Source records:
----
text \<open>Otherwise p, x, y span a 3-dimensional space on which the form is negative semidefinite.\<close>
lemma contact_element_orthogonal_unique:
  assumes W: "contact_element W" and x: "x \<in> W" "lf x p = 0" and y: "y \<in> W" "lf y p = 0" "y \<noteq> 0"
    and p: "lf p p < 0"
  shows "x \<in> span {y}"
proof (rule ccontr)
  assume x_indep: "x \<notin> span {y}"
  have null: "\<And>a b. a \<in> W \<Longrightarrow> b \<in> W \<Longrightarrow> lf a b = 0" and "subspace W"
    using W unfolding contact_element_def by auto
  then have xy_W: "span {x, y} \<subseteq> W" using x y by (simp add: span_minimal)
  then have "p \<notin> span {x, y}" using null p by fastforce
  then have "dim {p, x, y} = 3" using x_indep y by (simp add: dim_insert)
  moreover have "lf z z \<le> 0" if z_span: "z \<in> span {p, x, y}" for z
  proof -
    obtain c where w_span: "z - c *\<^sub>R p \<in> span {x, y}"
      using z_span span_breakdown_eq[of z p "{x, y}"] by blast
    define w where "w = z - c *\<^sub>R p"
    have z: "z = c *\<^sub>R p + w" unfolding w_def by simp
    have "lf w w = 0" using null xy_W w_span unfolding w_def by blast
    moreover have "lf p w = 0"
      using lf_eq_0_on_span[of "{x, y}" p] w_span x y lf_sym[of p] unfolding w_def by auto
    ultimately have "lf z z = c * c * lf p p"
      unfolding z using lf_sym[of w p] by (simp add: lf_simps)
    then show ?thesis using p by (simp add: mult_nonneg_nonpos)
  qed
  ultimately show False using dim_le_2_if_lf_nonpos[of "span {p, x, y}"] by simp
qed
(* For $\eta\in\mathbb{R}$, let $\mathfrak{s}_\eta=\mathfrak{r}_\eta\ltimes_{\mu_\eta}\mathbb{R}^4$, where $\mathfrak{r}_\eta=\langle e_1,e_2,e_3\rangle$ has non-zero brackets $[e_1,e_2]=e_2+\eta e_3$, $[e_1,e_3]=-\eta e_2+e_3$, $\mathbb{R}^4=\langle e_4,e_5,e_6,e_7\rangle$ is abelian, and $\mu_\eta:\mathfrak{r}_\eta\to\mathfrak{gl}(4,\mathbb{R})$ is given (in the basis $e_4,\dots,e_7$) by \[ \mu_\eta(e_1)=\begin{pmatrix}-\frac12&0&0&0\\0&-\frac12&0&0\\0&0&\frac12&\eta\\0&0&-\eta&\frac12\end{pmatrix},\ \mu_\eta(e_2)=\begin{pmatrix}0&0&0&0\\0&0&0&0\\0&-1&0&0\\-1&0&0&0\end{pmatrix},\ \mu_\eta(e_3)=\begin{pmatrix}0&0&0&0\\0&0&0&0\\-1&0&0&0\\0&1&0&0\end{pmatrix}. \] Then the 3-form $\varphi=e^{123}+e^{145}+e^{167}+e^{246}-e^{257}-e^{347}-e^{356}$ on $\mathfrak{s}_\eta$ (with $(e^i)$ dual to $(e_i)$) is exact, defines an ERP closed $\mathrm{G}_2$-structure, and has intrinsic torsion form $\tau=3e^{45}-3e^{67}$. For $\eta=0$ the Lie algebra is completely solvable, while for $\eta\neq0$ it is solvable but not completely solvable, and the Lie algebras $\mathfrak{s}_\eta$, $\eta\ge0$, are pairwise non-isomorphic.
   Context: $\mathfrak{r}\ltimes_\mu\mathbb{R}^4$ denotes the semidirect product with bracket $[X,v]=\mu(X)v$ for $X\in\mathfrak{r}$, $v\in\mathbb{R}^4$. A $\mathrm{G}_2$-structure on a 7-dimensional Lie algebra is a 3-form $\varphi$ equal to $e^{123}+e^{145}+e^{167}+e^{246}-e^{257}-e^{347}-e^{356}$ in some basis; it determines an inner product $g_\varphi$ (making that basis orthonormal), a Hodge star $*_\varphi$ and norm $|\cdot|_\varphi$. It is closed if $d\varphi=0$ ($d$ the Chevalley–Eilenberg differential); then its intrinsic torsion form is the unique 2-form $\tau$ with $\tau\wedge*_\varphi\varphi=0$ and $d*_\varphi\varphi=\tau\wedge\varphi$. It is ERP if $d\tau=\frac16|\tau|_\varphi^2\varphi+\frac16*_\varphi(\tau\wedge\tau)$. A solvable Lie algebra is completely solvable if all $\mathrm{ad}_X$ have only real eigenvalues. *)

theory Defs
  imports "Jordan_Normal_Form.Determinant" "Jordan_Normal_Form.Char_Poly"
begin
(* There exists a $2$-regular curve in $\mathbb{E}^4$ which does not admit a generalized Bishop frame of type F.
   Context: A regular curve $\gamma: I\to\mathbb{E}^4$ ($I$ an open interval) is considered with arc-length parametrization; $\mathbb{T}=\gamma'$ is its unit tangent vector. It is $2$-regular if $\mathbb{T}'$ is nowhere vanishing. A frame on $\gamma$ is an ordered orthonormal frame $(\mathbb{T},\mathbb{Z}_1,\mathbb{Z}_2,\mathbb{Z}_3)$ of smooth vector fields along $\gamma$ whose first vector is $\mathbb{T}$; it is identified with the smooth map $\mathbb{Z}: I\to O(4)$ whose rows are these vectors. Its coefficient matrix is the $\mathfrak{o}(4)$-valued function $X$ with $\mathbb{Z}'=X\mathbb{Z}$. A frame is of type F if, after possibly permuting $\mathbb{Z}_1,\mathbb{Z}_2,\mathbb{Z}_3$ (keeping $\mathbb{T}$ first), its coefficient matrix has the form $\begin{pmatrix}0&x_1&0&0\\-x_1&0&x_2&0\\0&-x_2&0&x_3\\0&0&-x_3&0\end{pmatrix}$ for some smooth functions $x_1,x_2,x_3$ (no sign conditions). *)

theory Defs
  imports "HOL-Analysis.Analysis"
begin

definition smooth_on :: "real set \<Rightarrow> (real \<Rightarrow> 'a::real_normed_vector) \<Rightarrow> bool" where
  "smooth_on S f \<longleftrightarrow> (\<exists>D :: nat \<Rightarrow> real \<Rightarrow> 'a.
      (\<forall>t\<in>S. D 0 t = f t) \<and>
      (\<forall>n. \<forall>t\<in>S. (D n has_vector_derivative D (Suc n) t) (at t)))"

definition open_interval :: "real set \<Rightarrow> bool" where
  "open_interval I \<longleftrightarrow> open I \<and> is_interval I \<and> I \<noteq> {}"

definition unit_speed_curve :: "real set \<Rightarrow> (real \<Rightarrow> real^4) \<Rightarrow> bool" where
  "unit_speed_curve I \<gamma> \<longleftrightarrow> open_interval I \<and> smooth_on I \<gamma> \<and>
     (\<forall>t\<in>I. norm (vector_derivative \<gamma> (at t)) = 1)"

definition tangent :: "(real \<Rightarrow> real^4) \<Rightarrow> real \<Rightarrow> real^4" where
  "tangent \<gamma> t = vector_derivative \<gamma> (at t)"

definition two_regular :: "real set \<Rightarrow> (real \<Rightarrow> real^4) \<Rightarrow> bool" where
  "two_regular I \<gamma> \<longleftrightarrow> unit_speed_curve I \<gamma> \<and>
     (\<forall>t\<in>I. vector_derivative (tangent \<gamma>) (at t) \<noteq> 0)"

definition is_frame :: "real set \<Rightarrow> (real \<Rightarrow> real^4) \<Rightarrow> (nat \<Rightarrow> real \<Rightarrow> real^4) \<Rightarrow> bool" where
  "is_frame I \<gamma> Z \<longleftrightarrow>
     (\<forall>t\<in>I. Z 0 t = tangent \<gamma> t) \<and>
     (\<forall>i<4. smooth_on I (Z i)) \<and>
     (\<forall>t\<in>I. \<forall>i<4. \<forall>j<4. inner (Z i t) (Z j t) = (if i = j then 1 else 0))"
----
Go line by line through the listing and count every line that includes the word "using". Only the total is needed.

10